Sunday, October 15, 2017

Muddy Waters' Obituary

The Clarksdale Press Register - Monday, May 2, 1983

Muddy Waters, the little boy who came to live with his grandmother in Stovall in 1918 and grew up to be a blues music superstar, died Saturday in Chicago.

Waters died of "cardiac arrest" at home in the Chicago suburb of Westmont, said his manager, Scott Cameron. He was pronounced dead at 2:17 a.m. Saturday at Good Samaritan Hospital in suburban Downers Grove, spokeswoman Roberta Butler said.

The rotund singer hadn't been ill and had planned to make another album this summer, Cameron said. He had earned six Grammys during his career.

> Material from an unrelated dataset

(* Let $\Delta>0$ and $p>0$. Suppose the times at which a web page changes form a time-homogeneous Poisson point process on $[0,\infty)$ with rate $\Delta$, and, independently, the page is accessed at times $0=t_0<t_1<t_2<\cdots$ where $\{t_k-t_{k-1}\}_{k\ge1}$ are i.i.d. exponential random variables with rate $p$. For $k\ge 1$ let $I_k=1$ if the page changed at least once in $(t_{k-1},t_k]$ and $I_k=0$ otherwise, and let $\hat I_k=\sum_{j=1}^k I_j$. Let $\{\alpha_k\}_{k\ge1}$ be a sequence of positive reals and define \[ x_k = \frac{p\,\hat I_k}{k+\alpha_k-\hat I_k},\qquad k\ge 1. \] Then: 1. If $\lim_{k\to\infty}\alpha_k/k=0$, then $\lim_{k\to\infty}x_k=\Delta$ almost surely. 2. If, in addition, $\lim_{k\to\infty}\log(k/\alpha_k)/k=0$, then \[ \mathbb{E}|x_k-\Delta| = O\left(\max\left\{k^{-1/2},\ \alpha_k/k\right\}\right). \]
   Context: Here $\Delta$ is unknown (to be estimated) and $p$ is known; $x_k$ is called the LLN estimator. *)

theory Defs
  imports "HOL-Probability.Probability" "HOL-Library.Landau_Symbols"
begin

Waters was born April 4, 1915, in Rolling Fork. His name was McKinley Morganfield and his father Willie Morganfield was a farmer and musician. After his mother died, he moved in with his grandmother in Stovall.

Friday, October 13, 2017

"Area History Rich in Musical Traditions" by Sid Graves 1978

Sid Graves - November 14, 1978 - Clarksdale Press Register  

A rich aspect of Clarksdale and Coahoma County's history is that of its music. Natives of the city and county, as well as those who have visited and performed here and the surrounding Delta, have contributed to the blues musical tradition which has reached beyond regional borders to influence the other uniquely American music forms of jazz and country, in addition to rock and roll, pop, and western music.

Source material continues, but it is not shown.